▸ **TASK STATEMENT**
Select every line below containing the word "alptil".

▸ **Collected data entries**
==================================================

lemma gram_mult_gram_inv: "gram ** gram_inv = mat 1"
proof -
  have "c = 0" if "gram *v c = 0" for c
  proof -
    define X where "X = (\<Sum>j\<in>UNIV. c $ j *\<^sub>R L j)"
    have "c \<bullet> (gram *v c) = ip X X"
      by (simp add: X_def gram_def inner_vec_def matrix_vector_mult_def ip_sum_left ip_sum_right
          ip_scaleR_left ip_scaleR_right sum_distrib_left mult_ac ip_commute)
    then have "X = 0"
      using that ip_self_eq_0_imp combination_in_T by (simp add: X_def)
    then show ?thesis
      using indep by (simp add: X_def vec_eq_iff)
  qed
  then have "inj ((*v) gram)"
    by (simp add: vec.inj_iff_eq_0)
  then obtain B where "B ** gram = mat 1"
    using matrix_left_invertible_injective by blast
  then have "gram ** B = mat 1"
    using matrix_left_right_inverse by blast
  then show ?thesis
    unfolding gram_inv_def using matrix_inv_eqI by metis
qed

definition dual :: "'d \<Rightarrow> complex^'n^'n" where
  "dual j = (\<Sum>k\<in>UNIV. gram_inv $ k $ j *\<^sub>R L k)"

lemma dual_in_T: "dual j \<in> T"
  unfolding dual_def by (rule combination_in_T)

lemma ip_dual_L: "ip (dual j) (L i) = of_bool (i = j)"
proof -
  have "ip (dual j) (L i) = (gram ** gram_inv) $ i $ j"
    by (simp add: dual_def ip_sum_left ip_scaleR_left gram_def matrix_matrix_mult_def
        ip_commute[of "L i"] mult.commute)
  then show ?thesis
    by (simp add: gram_mult_gram_inv mat_def)
qed
(* Let $\{\boldsymbol y^{TSLP}_n\}_{n\in\mathcal T}$, $\{u^{TSLP}_n\}_{n\in\mathcal T\setminus\{1\}}$ be the values of the $\boldsymbol y$- and $u$-variables in an optimal solution of the linear programming relaxation of the two-stage model (integrality of $\boldsymbol x$ dropped). Define $\boldsymbol x^{MS}_1=\lceil\boldsymbol B_{t_1}\boldsymbol y^{TSLP}_1\rceil$, $\boldsymbol x^{MS}_n=\max_{m\in\mathcal P(n)}\lceil\boldsymbol B_{t_m}\boldsymbol y^{TSLP}_m\rceil-\max_{m\in\mathcal P(a(n))}\lceil\boldsymbol B_{t_m}\boldsymbol y^{TSLP}_m\rceil$ ($n\ne1$), $\eta^{MS}_n=\max_{m\in\mathcal C(n)}\{\boldsymbol f_{t_m}^{\mathsf T}\sum_{l\in\mathcal P(m)}\boldsymbol x^{MS}_l+\boldsymbol c_{t_m}^{\mathsf T}\boldsymbol y^{TSLP}_m-u^{TSLP}_m\}$ ($n\notin\mathcal L$), $\boldsymbol x^{TS}_1=\boldsymbol B_{t_1}\boldsymbol y^{TSLP}_1$, $\boldsymbol x^{TS}_n=\max_{m\in\mathcal P(n)}\max_{l\in\mathcal T_{t_m}}\boldsymbol B_{t_l}\boldsymbol y^{TSLP}_l-\max_{m\in\mathcal P(a(n))}\max_{l\in\mathcal T_{t_m}}\boldsymbol B_{t_l}\boldsymbol y^{TSLP}_l$ ($n\ne1$), $\eta^{TS}_n=\max_{m\in\mathcal C(n)}\{\boldsymbol f_{t_m}^{\mathsf T}\sum_{l\in\mathcal P(m)}\boldsymbol x^{TS}_l+\boldsymbol c_{t_m}^{\mathsf T}\boldsymbol y^{TSLP}_m-u^{TSLP}_m\}$ ($n\notin\mathcal L$). Then $$\mathrm{VMS}_R\ge\mathrm{VMS}_R^{LB1}:=\boldsymbol f_{t_1}^{\mathsf T}\big(\boldsymbol B_{t_1}\boldsymbol y^{TSLP}_1-\lceil\boldsymbol B_{t_1}\boldsymbol y^{TSLP}_1\rceil\big)+\sum_{n\in\mathcal T\setminus\{1\}}p_n(1-\lambda_{t_n})\boldsymbol f_{t_n}^{\mathsf T}\Big(\max_{m\in\mathcal P(n)}\max_{l\in\mathcal T_{t_m}}\boldsymbol B_{t_l}\boldsymbol y^{TSLP}_l-\max_{m\in\mathcal P(n)}\lceil\boldsymbol B_{t_m}\boldsymbol y^{TSLP}_m\rceil\Big)+\sum_{n\in\mathcal T\setminus\mathcal L}p_n\lambda_{t_n+1}\big(\eta^{TS}_n-\eta^{MS}_n\big).$$
   Context: Setting. Fix integers $T\ge 2$ (periods), $M\ge1$ (facilities), $N\ge1$ (customer sites). For each period $t$: maintenance costs $f_{ti}\ge 0$ forming $\boldsymbol f_t\in\mathbb R^M$; operational costs $c_{tij}\ge0$ forming $\boldsymbol c_t\in\mathbb R^{MN}$; capacities $h_{ti}>0$. Vectors $\boldsymbol y\in\mathbb R^{MN}$ are indexed by pairs $(i,j)$; $(\boldsymbol A_t\boldsymbol y)_j=\sum_{i=1}^M y_{ij}$ defines $\boldsymbol A_t$ and $(\boldsymbol B_t\boldsymbol y)_i=\frac1{h_{ti}}\sum_{j=1}^N y_{ij}$ defines $\boldsymbol B_t$. Ceilings and maxima of vectors are componentwise. Scenario tree: a finite rooted tree with node set $\mathcal T$, root $1$, all root-to-leaf paths having $T$ nodes; $\mathcal T_t$ nodes at depth $t$, $t_n$ the period of $n$, $\mathcal L=\mathcal T_T$ the leaves, $a(n)$ the parent of $n\ne1$, $\mathcal C(n)$ the children of $n$, $\mathcal P(n)$ the nodes on the root-to-$n$ path (inclusive). Probabilities $p_n>0$ with $\sum_{n\in\mathcal T_t}p_n=1$ and $\sum_{m\in\mathcal C(n)}p_m=p_n$ ($n\notin\mathcal L$); demands $\boldsymbol d_n\in\mathbb R^N_{\ge0}$. Risk parameters $\lambda_t\in[0,1]$, $\alpha_t\in(0,1)$, $t=2,\ldots,T$. $\tilde{\boldsymbol f}_n=\boldsymbol f_{t_n}$ if $n=1$, else $(1-\lambda_{t_n})\boldsymbol f_{t_n}$; $\tilde{\boldsymbol c}_n=\boldsymbol c_{t_n}$ if $n=1$, else $(1-\lambda_{t_n})\boldsymbol c_{t_n}$; $\tilde\lambda_n=0$ if $n\in\mathcal L$, else $\lambda_{t_n+1}$; $\tilde\alpha_n=0$ if $n=1$, else $\lambda_{t_n}/(1-\alpha_{t_n})$. Multistage model: $z^{MS}_R=\min\sum_{n\in\mathcal T}p_n\big(\tilde{\boldsymbol f}_n^{\mathsf T}\sum_{m\in\mathcal P(n)}\boldsymbol x_m+\tilde{\boldsymbol c}_n^{\mathsf T}\boldsymbol y_n+\tilde\lambda_n\eta_n+\tilde\alpha_nu_n\big)$ over $\boldsymbol x_n\in\mathbb Z^M_+$, $\boldsymbol y_n\in\mathbb R^{MN}_+$ ($n\in\mathcal T$), $\eta_n\in\mathbb R$ ($n\notin\mathcal L$), $u_n\ge0$ ($n\ne1$), subject to $\boldsymbol A_{t_n}\boldsymbol y_n=\boldsymbol d_n$, $\boldsymbol B_{t_n}\boldsymbol y_n\le\sum_{m\in\mathcal P(n)}\boldsymbol x_m$ ($n\in\mathcal T$) and $u_n+\eta_{a(n)}\ge\boldsymbol f_{t_n}^{\mathsf T}\sum_{m\in\mathcal P(n)}\boldsymbol x_m+\boldsymbol c_{t_n}^{\mathsf T}\boldsymbol y_n$ ($n\ne1$). Two-stage model: the multistage model plus the constraints $\boldsymbol x_m=\boldsymbol x_n$ for all $m,n\in\mathcal T_t$, $t=1,\ldots,T$; optimal value $z^{TS}_R$. $\mathrm{VMS}_R:=z^{TS}_R-z^{MS}_R$. *)

theory Defs
  imports Main "HOL-Library.Extended_Real"
begin

text \<open>Facilities are indexed by i < nF, customer sites by j < nC (0-based);
  periods are 1..Tp. Scenario tree nodes are elements of the set nodes, with root,
  parent function par and period (depth) function per.\<close>

record 'v fl_data =
  Tp    :: nat
  nF    :: nat
  nC    :: nat
  fcost :: "nat \<Rightarrow> nat \<Rightarrow> real"
  ccost :: "nat \<Rightarrow> nat \<Rightarrow> nat \<Rightarrow> real"
  cap   :: "nat \<Rightarrow> nat \<Rightarrow> real"
  nodes :: "'v set"
  root  :: 'v
  par   :: "'v \<Rightarrow> 'v"
  per   :: "'v \<Rightarrow> nat"
  pr    :: "'v \<Rightarrow> real"
  dem   :: "'v \<Rightarrow> nat \<Rightarrow> real"
  lam   :: "nat \<Rightarrow> real"
  alp   :: "nat \<Rightarrow> real"

definition Fac :: "'v fl_data \<Rightarrow> nat set" where "Fac D = {..<nF D}"
definition Cus :: "'v fl_data \<Rightarrow> nat set" where "Cus D = {..<nC D}"

definition level :: "'v fl_data \<Rightarrow> nat \<Rightarrow> 'v set" where
  "level D t = {n \<in> nodes D. per D n = t}"

definition leaves :: "'v fl_data \<Rightarrow> 'v set" where
  "leaves D = level D (Tp D)"

definition children :: "'v fl_data \<Rightarrow> 'v \<Rightarrow> 'v set" where
  "children D n = {m \<in> nodes D. m \<noteq> root D \<and> par D m = n}"

definition path :: "'v fl_data \<Rightarrow> 'v \<Rightarrow> 'v set" where
  "path D n = {(par D ^^ k) n | k. k < per D n}"

definition valid_data :: "'v fl_data \<Rightarrow> bool" where
  "valid_data D \<longleftrightarrow>
     Tp D \<ge> 2 \<and> nF D \<ge> 1 \<and> nC D \<ge> 1 \<and>
     (\<forall>t\<in>{1..Tp D}. \<forall>i\<in>Fac D. fcost D t i \<ge> 0 \<and> cap D t i > 0 \<and>
                         (\<forall>j\<in>Cus D. ccost D t i j \<ge> 0)) \<and>
     finite (nodes D) \<and> root D \<in> nodes D \<and> per D (root D) = 1 \<and>
     (\<forall>n\<in>nodes D. 1 \<le> per D n \<and> per D n \<le> Tp D) \<and>
     (\<forall>n\<in>nodes D. n \<noteq> root D \<longrightarrow> par D n \<in> nodes D \<and> per D n = per D (par D n) + 1) \<and>
     (\<forall>n\<in>nodes D. per D n < Tp D \<longrightarrow> children D n \<noteq> {}) \<and>
     (\<forall>n\<in>nodes D. pr D n > 0) \<and>
     (\<forall>t\<in>{1..Tp D}. (\<Sum>n\<in>level D t. pr D n) = 1) \<and>
     (\<forall>n\<in>nodes D. per D n < Tp D \<longrightarrow> (\<Sum>m\<in>children D n. pr D m) = pr D n) \<and>
     (\<forall>n\<in>nodes D. \<forall>j\<in>Cus D. dem D n j \<ge> 0) \<and>
     (\<forall>t\<in>{2..Tp D}. 0 \<le> lam D t \<and> lam D t \<le> 1 \<and> 0 < alp D t \<and> alp D t < 1)"

definition cumx :: "'v fl_data \<Rightarrow> ('v \<Rightarrow> nat \<Rightarrow> real) \<Rightarrow> 'v \<Rightarrow> nat \<Rightarrow> real" where
  "cumx D x n i = (\<Sum>m\<in>path D n. x m i)"

text \<open>(B_t y)_i for the y-vector at node n, with t = t_n.\<close>
definition BY :: "'v fl_data \<Rightarrow> ('v \<Rightarrow> nat \<Rightarrow> nat \<Rightarrow> real) \<Rightarrow> 'v \<Rightarrow> nat \<Rightarrow> real" where
  "BY D y n i = (1 / cap D (per D n) i) * (\<Sum>j\<in>Cus D. y n i j)"

definition ftil :: "'v fl_data \<Rightarrow> 'v \<Rightarrow> nat \<Rightarrow> real" where
  "ftil D n i = (if n = root D then 1 else 1 - lam D (per D n)) * fcost D (per D n) i"

definition ctil :: "'v fl_data \<Rightarrow> 'v \<Rightarrow> nat \<Rightarrow> nat \<Rightarrow> real" where
  "ctil D n i j = (if n = root D then 1 else 1 - lam D (per D n)) * ccost D (per D n) i j"

definition lamtil :: "'v fl_data \<Rightarrow> 'v \<Rightarrow> real" where
  "lamtil D n = (if per D n = Tp D then 0 else lam D (per D n + 1))"

definition alptil :: "'v fl_data \<Rightarrow> 'v \<Rightarrow> real" where
  "alptil D n = (if n = root D then 0 else lam D (per D n) / (1 - alp D (per D n)))"

text \<open>Objective. (eta at leaves and u at the root are dummy values with zero coefficient
  and not constrained.)\<close>
definition obj :: "'v fl_data \<Rightarrow> ('v \<Rightarrow> nat \<Rightarrow> real) \<Rightarrow> ('v \<Rightarrow> nat \<Rightarrow> nat \<Rightarrow> real)
                    \<Rightarrow> ('v \<Rightarrow> real) \<Rightarrow> ('v \<Rightarrow> real) \<Rightarrow> real" where
  "obj D x y eta u = (\<Sum>n\<in>nodes D. pr D n *
      ((\<Sum>i\<in>Fac D. ftil D n i * cumx D x n i)
       + (\<Sum>i\<in>Fac D. \<Sum>j\<in>Cus D. ctil D n i j * y n i j)
       + lamtil D n * eta n + alptil D n * u n))"

text \<open>Feasibility; integral = integrality of x required, ts = two-stage
  (nonanticipativity across whole periods) constraints added.\<close>
definition feasible :: "'v fl_data \<Rightarrow> bool \<Rightarrow> bool \<Rightarrow> ('v \<Rightarrow> nat \<Rightarrow> real)
     \<Rightarrow> ('v \<Rightarrow> nat \<Rightarrow> nat \<Rightarrow> real) \<Rightarrow> ('v \<Rightarrow> real) \<Rightarrow> ('v \<Rightarrow> real) \<Rightarrow> bool" where
  "feasible D integral ts x y eta u \<longleftrightarrow>
     (\<forall>n\<in>nodes D. \<forall>i\<in>Fac D. 0 \<le> x n i \<and> (integral \<longrightarrow> x n i \<in> \<int>)) \<and>
     (\<forall>n\<in>nodes D. \<forall>i\<in>Fac D. \<forall>j\<in>Cus D. 0 \<le> y n i j) \<and>
     (\<forall>n\<in>nodes D. n \<noteq> root D \<longrightarrow> 0 \<le> u n) \<and>
     (\<forall>n\<in>nodes D. \<forall>j\<in>Cus D. (\<Sum>i\<in>Fac D. y n i j) = dem D n j) \<and>
     (\<forall>n\<in>nodes D. \<forall>i\<in>Fac D. BY D y n i \<le> cumx D x n i) \<and>
     (\<forall>n\<in>nodes D. n \<noteq> root D \<longrightarrow>
        u n + eta (par D n) \<ge> (\<Sum>i\<in>Fac D. fcost D (per D n) i * cumx D x n i)
                              + (\<Sum>i\<in>Fac D. \<Sum>j\<in>Cus D. ccost D (per D n) i j * y n i j)) \<and>
     (ts \<longrightarrow> (\<forall>m\<in>nodes D. \<forall>n\<in>nodes D. per D m = per D n \<longrightarrow> (\<forall>i\<in>Fac D. x m i = x n i)))"

definition zMS :: "'v fl_data \<Rightarrow> real" where
  "zMS D = Inf {obj D x y eta u | x y eta u. feasible D True False x y eta u}"
(* Let $G$ be a finite group acting on a weighted metric graph with boundary $(\Sigma',\partial\Sigma')$ by harmonic maps preserving $\partial\Sigma'$. Then there exist a weighted metric graph with boundary $(\Sigma,\partial\Sigma)$ and a surjective harmonic map $\pi\colon\Sigma'\to\Sigma$ such that $\Sigma$ is the quotient of $\Sigma'$ by $G$. Moreover, such a quotient is unique up to harmonic isomorphism.
   Context: Weighted metric graph with boundary: finite multigraph without loop edges, with oriented edges $e$ of length $\ell(e)>0$, parametrizations $t_e\colon[0,\ell(e)]\to e$ ($t_{\bar e}(x)=t_e(\ell(e)-x)$), weights $w(e)=w(\bar e)\in\mathbb Z_{>0}$, and boundary $\partial\Sigma\subset V(\Sigma)$; subdivisions are allowed. A piecewise linear map $\phi\colon\Sigma'\to\Sigma$: continuous, and after subdivision vertices go to vertices, edges map homeomorphically onto edges or to vertices, if $\phi(v')\in\partial\Sigma$ and $\phi$ not constant near $v'$ then $v'\in\partial\Sigma'$, and $\phi\circ t_{e'}(x)=t_e(d_{e'}(\phi)x)$ with $d_{e'}(\phi)=\ell(e)/\ell(e')$ when $\phi(e')=e$ ($d_{e'}=0$ on contracted edges). $\phi$ is harmonic if for every vertex $v'\notin\partial\Sigma'$, $\sum_{e'^-=v',\,e'\mapsto e}\frac{w(e')}{w(e)}d_{e'}(\phi)$ is independent of the edge $e$ starting at $\phi(v')$. A harmonic isomorphism is a harmonic map with a harmonic inverse. $\Sigma$ is the quotient of $\Sigma'$ by $G$ (via $\pi$) if $\pi$ is a surjective harmonic map with $\pi\circ\sigma=\pi$ for all $\sigma\in G$, $G$ acts transitively on fibres of $\pi$, and $\pi^{-1}(\partial\Sigma)=\partial\Sigma'$. *)

theory Defs
  imports "HOL-Analysis.Analysis" "HOL-Algebra.Group_Action"
begin

text \<open>An oriented edge is a pair (length, parametrisation); the parametrisation
  is a map [0,len] to points, extended by undefined outside [0,len].\<close>
type_synonym 'p edge = "real \<times> (real \<Rightarrow> 'p)"

record 'p wmg =
  verts :: "'p set"
  edges :: "'p edge set"
  weight :: "'p edge \<Rightarrow> nat"
  bdry :: "'p set"

definition elen :: "'p edge \<Rightarrow> real" where "elen e = fst e"
definition epar :: "'p edge \<Rightarrow> real \<Rightarrow> 'p" where "epar e = snd e"
definition esrc :: "'p edge \<Rightarrow> 'p" where "esrc e = epar e 0"
definition etgt :: "'p edge \<Rightarrow> 'p" where "etgt e = epar e (elen e)"

definition erev :: "'p edge \<Rightarrow> 'p edge" where
  "erev e = (elen e, \<lambda>x. if x \<in> {0..elen e} then epar e (elen e - x) else undefined)"

definition einterior :: "'p edge \<Rightarrow> 'p set" where
  "einterior e = epar e ` {0<..<elen e}"

definition points :: "('p, 'z) wmg_scheme \<Rightarrow> 'p set" where
  "points S = verts S \<union> (\<Union>e\<in>edges S. epar e ` {0..elen e})"

definition wf_wmg :: "'p wmg \<Rightarrow> bool" where
  "wf_wmg S \<longleftrightarrow>
     finite (verts S) \<and> finite (edges S) \<and> bdry S \<subseteq> verts S \<and>
     (\<forall>e\<in>edges S.
        elen e > 0 \<and>
        (\<forall>x. x \<notin> {0..elen e} \<longrightarrow> epar e x = undefined) \<and>
        inj_on (epar e) {0..elen e} \<and>
        esrc e \<in> verts S \<and> etgt e \<in> verts S \<and> esrc e \<noteq> etgt e \<and>
        einterior e \<inter> verts S = {} \<and>
        erev e \<in> edges S \<and> weight S (erev e) = weight S e \<and> weight S e > 0) \<and>
     (\<forall>e1\<in>edges S. \<forall>e2\<in>edges S. e2 \<noteq> e1 \<and> e2 \<noteq> erev e1 \<longrightarrow>
        einterior e1 \<inter> einterior e2 = {})"

definition subdivision :: "'p wmg \<Rightarrow> 'p wmg \<Rightarrow> bool" where
  "subdivision T S \<longleftrightarrow>
     wf_wmg T \<and> points T = points S \<and> verts S \<subseteq> verts T \<and> bdry T = bdry S \<and>
     (\<forall>e'\<in>edges T. \<exists>e\<in>edges S. \<exists>a. 0 \<le> a \<and> a + elen e' \<le> elen e \<and>
        (\<forall>x\<in>{0..elen e'}. epar e' x = epar e (a + x)) \<and> weight T e' = weight S e)"

definition contracted :: "('p \<Rightarrow> 'q) \<Rightarrow> 'p edge \<Rightarrow> bool" where
  "contracted \<phi> e' \<longleftrightarrow> (\<exists>v. \<forall>x\<in>{0..elen e'}. \<phi> (epar e' x) = v)"

definition maps_onto :: "('p \<Rightarrow> 'q) \<Rightarrow> 'p edge \<Rightarrow> 'q edge \<Rightarrow> bool" where
  "maps_onto \<phi> e' e \<longleftrightarrow>
     (\<forall>x\<in>{0..elen e'}. \<phi> (epar e' x) = epar e ((elen e / elen e') * x))"

definition pl_comb :: "'p wmg \<Rightarrow> 'q wmg \<Rightarrow> ('p \<Rightarrow> 'q) \<Rightarrow> bool" where
  "pl_comb S' S \<phi> \<longleftrightarrow>
     \<phi> ` points S' \<subseteq> points S \<and>
     \<phi> ` verts S' \<subseteq> verts S \<and>
     (\<forall>e'\<in>edges S'. contracted \<phi> e' \<or> (\<exists>e\<in>edges S. maps_onto \<phi> e' e)) \<and>
     (\<forall>v'\<in>verts S'. \<phi> v' \<in> bdry S \<and>
        (\<exists>e'\<in>edges S'. esrc e' = v' \<and> \<not> contracted \<phi> e') \<longrightarrow> v' \<in> bdry S')"

definition harmonic_at :: "'p wmg \<Rightarrow> 'q wmg \<Rightarrow> ('p \<Rightarrow> 'q) \<Rightarrow> 'p \<Rightarrow> bool" where
  "harmonic_at S' S \<phi> v' \<longleftrightarrow>
     (\<exists>c. \<forall>e\<in>edges S. esrc e = \<phi> v' \<longrightarrow>
        (\<Sum>e'\<in>{e'\<in>edges S'. esrc e' = v' \<and> maps_onto \<phi> e' e}.
            (real (weight S' e') / real (weight S e)) * (elen e / elen e')) = c)"

definition pl_map :: "'p wmg \<Rightarrow> 'q wmg \<Rightarrow> ('p \<Rightarrow> 'q) \<Rightarrow> bool" where
  "pl_map S' S \<phi> \<longleftrightarrow>
     (\<exists>T' T. subdivision T' S' \<and> subdivision T S \<and> pl_comb T' T \<phi>)"

definition harmonic :: "'p wmg \<Rightarrow> 'q wmg \<Rightarrow> ('p \<Rightarrow> 'q) \<Rightarrow> bool" where
  "harmonic S' S \<phi> \<longleftrightarrow>
     (\<exists>T' T. subdivision T' S' \<and> subdivision T S \<and> pl_comb T' T \<phi> \<and>
        (\<forall>v'\<in>verts T' - bdry T'. harmonic_at T' T \<phi> v'))"

definition harmonic_iso :: "'p wmg \<Rightarrow> 'q wmg \<Rightarrow> ('p \<Rightarrow> 'q) \<Rightarrow> bool" where
  "harmonic_iso S' S \<phi> \<longleftrightarrow>
     harmonic S' S \<phi> \<and>
     (\<exists>\<psi>. harmonic S S' \<psi> \<and> (\<forall>x\<in>points S'. \<psi> (\<phi> x) = x) \<and> (\<forall>y\<in>points S. \<phi> (\<psi> y) = y))"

==================================================

▸ **EXPECTED OUTPUT**
definition alptil :: "'v fl_data \<Rightarrow> 'v \<Rightarrow> real" where
  "alptil D n = (if n = root D then 0 else lam D (per D n) / (1 - alp D (per D n)))"
       + lamtil D n * eta n + alptil D n * u n))"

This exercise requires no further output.